Борьба за чистоту на кухне никогда не представлялась мне интересным занятием. И я сознательно от нее отлынивал, предоставляя этот труд тем, кто получал за него деньги.
Что же я приобрел? Знания? Очень мало. Хорошо еще, если не полностью растерял старые. Энергию молодости, безусловно, утратил, и если бы сейчас мне удалось попасть на настоящую работу, мне потребовалось бы значительно больше времени, чтобы стать приличным врачом, чем шесть лет назад.
Приобрел я некоторый жизненный опыт, но — увы! — непомерно дорогой ценой. Да и к чему мне этот опыт? От будущих ошибок он не предостережет и не застрахует. Описать все пережитое и напечатать? Не хватит, очевидно, таланта и терпения. Да и кто напечатает?
Сумею ли описать все таким образом, чтобы интересно было читать не только моим друзьям, но и не знающим меня людям?

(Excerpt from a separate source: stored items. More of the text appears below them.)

definition regular_factroid :: "'a::idom set \<Rightarrow> bool" where
  "regular_factroid H \<longleftrightarrow> factroid H \<and>
     (\<forall>g. g \<noteq> 0 \<longrightarrow> {y. g * y \<in> factroid_hull ((\<lambda>h. g * h) ` H)} = H)"

definition G_of :: "'a::idom set \<Rightarrow> 'a set" where
  "G_of S = \<Inter>{H. regular_factroid H \<and> S \<subseteq> H}"

end

theory Submission
  imports Defs
begin

text \<open>
  For a subring E of a field, the reciprocal complement R(E) is local: if N is a maximal ideal
  and 1/e \<notin> N for some e \<in> E, then e \<in> R(E), because modulo N every element of R(E) is a
  quotient of elements of E whose reciprocals avoid N. Hence every nonunit of R(E) lies in the
  Jacobson radical.

  Apply this to the localisation D_f = D[1/f]. Its reciprocal complement consists of the r f^k
  with r \<in> R(D), so the contraction of its maximal ideal to R(D) is a prime containing every
  prime that avoids 1/f, i.e. it is p_f, and 1/x \<notin> p_f exactly when x = r f^k. Since
  p_fg \<subseteq> p_f \<inter> p_g, the p_f for f \<in> W form a downward directed family of primes, so p(W)
  is prime, and 1/x \<notin> p(W) iff x \<in> R(D) W. Finally D \<inter> R(D) W is G(W): it is a regular
  factroid, and for r \<in> R(D) and f \<noteq> 0 some nonzero d puts d r f into the factroid generated
  by d f, which forces every regular factroid containing W to contain D \<inter> R(D) W.
\<close>

section \<open>Reciprocal complements of subrings of a field\<close>

definition is_subring :: "'k::field set \<Rightarrow> bool" where
  "is_subring S \<longleftrightarrow> 0 \<in> S \<and> 1 \<in> S \<and>
     (\<forall>a\<in>S. \<forall>b\<in>S. a + b \<in> S \<and> - a \<in> S \<and> a * b \<in> S)"

lemma
  assumes "is_subring S"
  shows subring_zero: "0 \<in> S" and subring_one: "1 \<in> S"
    and subring_add: "a \<in> S \<Longrightarrow> b \<in> S \<Longrightarrow> a + b \<in> S"
    and subring_uminus: "a \<in> S \<Longrightarrow> - a \<in> S"
    and subring_mult: "a \<in> S \<Longrightarrow> b \<in> S \<Longrightarrow> a * b \<in> S"
  using assms unfolding is_subring_def by auto

lemma subring_diff: "is_subring S \<Longrightarrow> a \<in> S \<Longrightarrow> b \<in> S \<Longrightarrow> a - b \<in> S"
  by (metis diff_conv_add_uminus subring_add subring_uminus)

lemma subring_power: "is_subring S \<Longrightarrow> a \<in> S \<Longrightarrow> a ^ n \<in> S"
  by (induction n) (auto intro: subring_one subring_mult)

text \<open>For a subring E this is R(E): the sums of reciprocals are already closed under products.\<close>
inductive_set recip_sums :: "'k::field set \<Rightarrow> 'k set" for E where
  zero: "0 \<in> recip_sums E"
| add_inverse: "x \<in> recip_sums E \<Longrightarrow> e \<in> E \<Longrightarrow> e \<noteq> 0 \<Longrightarrow> x + inverse e \<in> recip_sums E"

lemma recip_sums_inverse: "e \<in> E \<Longrightarrow> e \<noteq> 0 \<Longrightarrow> inverse e \<in> recip_sums E"
  using recip_sums.add_inverse[OF recip_sums.zero] by fastforce

lemma recip_sums_add:
  assumes "x \<in> recip_sums E"
  shows "y \<in> recip_sums E \<Longrightarrow> x + y \<in> recip_sums E"
proof (induction y rule: recip_sums.induct)
  case (add_inverse y e)
  then show ?case using recip_sums.add_inverse[of "x + y" E e] by (simp add: add.assoc)
qed (simp add: assms)

lemma recip_sums_uminus:
  assumes "is_subring E"
  shows "x \<in> recip_sums E \<Longrightarrow> - x \<in> recip_sums E"
proof (induction x rule: recip_sums.induct)
  case (add_inverse x e)
  then show ?case
    using recip_sums.add_inverse[of "- x" E "- e"] subring_uminus[OF assms] by fastforce
qed (simp add: recip_sums.zero)

lemma recip_sums_mult_inverse:
  assumes "is_subring E" "e \<in> E" "e \<noteq> 0"
  shows "y \<in> recip_sums E \<Longrightarrow> y * inverse e \<in> recip_sums E"
proof (induction y rule: recip_sums.induct)
  case (add_inverse y e')
  then have "y * inverse e + inverse (e' * e) \<in> recip_sums E"
    using add_inverse subring_mult[OF assms(1)] assms by (intro recip_sums.add_inverse) auto
  then show ?case by (simp add: algebra_simps)
qed (simp add: recip_sums.zero)

lemma recip_sums_mult:
  assumes "is_subring E"
  shows "x \<in> recip_sums E \<Longrightarrow> y \<in> recip_sums E \<Longrightarrow> x * y \<in> recip_sums E"
proof (induction x rule: recip_sums.induct)
  case (add_inverse x e)
  then have "x * y + y * inverse e \<in> recip_sums E"
    using recip_sums_add recip_sums_mult_inverse[OF assms] by blast
  then show ?case by (simp add: algebra_simps)
qed (simp add: recip_sums.zero)

lemma is_subring_recip_sums:
  assumes "is_subring E"
  shows "is_subring (recip_sums E)"
  unfolding is_subring_def
  using recip_sums.zero recip_sums_inverse[OF subring_one[OF assms]] recip_sums_add
    recip_sums_uminus[OF assms] recip_sums_mult[OF assms]
  by simp blast

lemma recip_sums_mono: "E \<subseteq> E' \<Longrightarrow> recip_sums E \<subseteq> recip_sums E'"
proof
  fix x assume "x \<in> recip_sums E" "E \<subseteq> E'"
  then show "x \<in> recip_sums E'"
    by (induction x rule: recip_sums.induct) (auto intro: recip_sums.intros)
qed

definition is_ideal :: "'k::field set \<Rightarrow> 'k set \<Rightarrow> bool" where
  "is_ideal A N \<longleftrightarrow> N \<subseteq> A \<and> 0 \<in> N \<and> (\<forall>a\<in>N. \<forall>b\<in>N. a + b \<in> N) \<and>
     (\<forall>r\<in>A. \<forall>a\<in>N. r * a \<in> N)"

definition maximal_ideal :: "'k::field set \<Rightarrow> 'k set \<Rightarrow> bool" where
  "maximal_ideal A N \<longleftrightarrow> is_ideal A N \<and> 1 \<notin> N \<and>
     (\<forall>J. is_ideal A J \<and> 1 \<notin> J \<and> N \<subseteq> J \<longrightarrow> J = N)"

definition nonunits :: "'k::field set \<Rightarrow> 'k set" where
  "nonunits A = {x \<in> A. x = 0 \<or> inverse x \<notin> A}"

definition jacobson :: "'k::field set \<Rightarrow> 'k set" where
  "jacobson A = {z \<in> A. \<forall>N. maximal_ideal A N \<longrightarrow> z \<in> N}"

lemma
  assumes "is_ideal A N"
  shows ideal_subset: "N \<subseteq> A" and ideal_zero: "0 \<in> N"
    and ideal_add: "a \<in> N \<Longrightarrow> b \<in> N \<Longrightarrow> a + b \<in> N"
    and ideal_mult_left: "r \<in> A \<Longrightarrow> a \<in> N \<Longrightarrow> r * a \<in> N"
  using assms unfolding is_ideal_def by blast+

lemma ideal_mult_right: "is_ideal A N \<Longrightarrow> r \<in> A \<Longrightarrow> a \<in> N \<Longrightarrow> a * r \<in> N"
  by (metis ideal_mult_left mult.commute)

lemma ideal_uminus: "is_subring A \<Longrightarrow> is_ideal A N \<Longrightarrow> a \<in> N \<Longrightarrow> - a \<in> N"
  using ideal_mult_left[of A N "- 1" a] subring_uminus[of A 1] subring_one[of A] by simp

lemma ideal_diff: "is_subring A \<Longrightarrow> is_ideal A N \<Longrightarrow> a \<in> N \<Longrightarrow> b \<in> N \<Longrightarrow> a - b \<in> N"
  by (metis diff_conv_add_uminus ideal_add ideal_uminus)

lemma maximal_ideal_is_ideal: "maximal_ideal A N \<Longrightarrow> is_ideal A N"
  and maximal_ideal_one: "maximal_ideal A N \<Longrightarrow> 1 \<notin> N"
  unfolding maximal_ideal_def by auto

lemma ideal_subset_nonunits:
  assumes "is_ideal A N" "1 \<notin> N"
  shows "N \<subseteq> nonunits A"
proof
  fix x assume "x \<in> N"
  have "inverse x \<notin> A" if "x \<noteq> 0"
    using ideal_mult_left[OF assms(1) _ \<open>x \<in> N\<close>, of "inverse x"] assms(2) that by auto
  then show "x \<in> nonunits A" using ideal_subset[OF assms(1)] \<open>x \<in> N\<close> unfolding nonunits_def by blast
qed

lemma is_ideal_principal:
  assumes A: "is_subring A" and y: "y \<in> A"
  shows "is_ideal A ((\<lambda>r. r * y) ` A)"
  unfolding is_ideal_def
proof (intro conjI ballI)
  fix a b assume "a \<in> (\<lambda>r. r * y) ` A" "b \<in> (\<lambda>r. r * y) ` A"
  then obtain r s where "a = r * y" "b = s * y" "r \<in> A" "s \<in> A" by blast
  then have "a + b = (r + s) * y" "r + s \<in> A" by (simp_all add: distrib_right subring_add[OF A])
  then show "a + b \<in> (\<lambda>r. r * y) ` A" by blast
next
  fix t a assume "t \<in> A" "a \<in> (\<lambda>r. r * y) ` A"
  then obtain r where "a = r * y" "r \<in> A" by blast
  then have "t * a = (t * r) * y" "t * r \<in> A"
    by (simp_all add: mult.assoc subring_mult[OF A \<open>t \<in> A\<close>])
  then show "t * a \<in> (\<lambda>r. r * y) ` A" by blast
next
  show "(\<lambda>r. r * y) ` A \<subseteq> A" using subring_mult[OF A _ y] by blast
  have "0 = 0 * y" by simp
  then show "0 \<in> (\<lambda>r. r * y) ` A" using subring_zero[OF A] by blast
qed

lemma is_ideal_Union_chain:
  assumes "C \<noteq> {}" "\<forall>J\<in>C. is_ideal A J" "\<forall>I\<in>C. \<forall>J\<in>C. I \<subseteq> J \<or> J \<subseteq> I"
  shows "is_ideal A (\<Union>C)"
  unfolding is_ideal_def
proof (intro conjI ballI)
  fix a b assume "a \<in> \<Union>C" "b \<in> \<Union>C"
  then obtain I J where "a \<in> I" "b \<in> J" "I \<in> C" "J \<in> C" by blast
  with assms(3) have "a \<in> I \<union> J" "b \<in> I \<union> J" "I \<union> J \<in> C"
    by (metis sup.absorb1 sup.absorb2 UnI1 UnI2)+
  then show "a + b \<in> \<Union>C" using assms(2) ideal_add by blast
next
  fix r a assume "r \<in> A" "a \<in> \<Union>C"
  with assms(2) show "r * a \<in> \<Union>C" by (meson UnionE UnionI ideal_mult_left)
next
  show "\<Union>C \<subseteq> A" using assms(2) ideal_subset by blast
  show "0 \<in> \<Union>C" using assms(1,2) ideal_zero by blast
qed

Вряд ли.
Поэтому и пишу, имея в виду самого себя, да двух-трех товарищей.
Кроме общего впечатления — довольно безрадостного — от прошедших лет, есть еще и частные впечатления, из них несколько довольно ярких.
Самое приятное — первая командировка в Киев, спустя два месяца после прибытия на Сахалин. Никогда после возвращение в Киев не доставляло столько радости. Я буквально задыхался от счастья.
<...>
Еще не успели измениться мои привычки. Не наступило еще отчуждения между мной и оставшимися в родном городе (оно наступило позже). Я опять окунулся в ту жизнь, которой жил до армии, и эта жизнь после двух месяцев Сахалина казалась мне куда более сладостной, чем раньше, и даже более приятной, чем была она на самом деле. Лишь мысль о предстоящем отъезде несколько отравляла мой праздник. Но я отгонял ее, особенно днем — ночью она неизбежно всплывала в сознании.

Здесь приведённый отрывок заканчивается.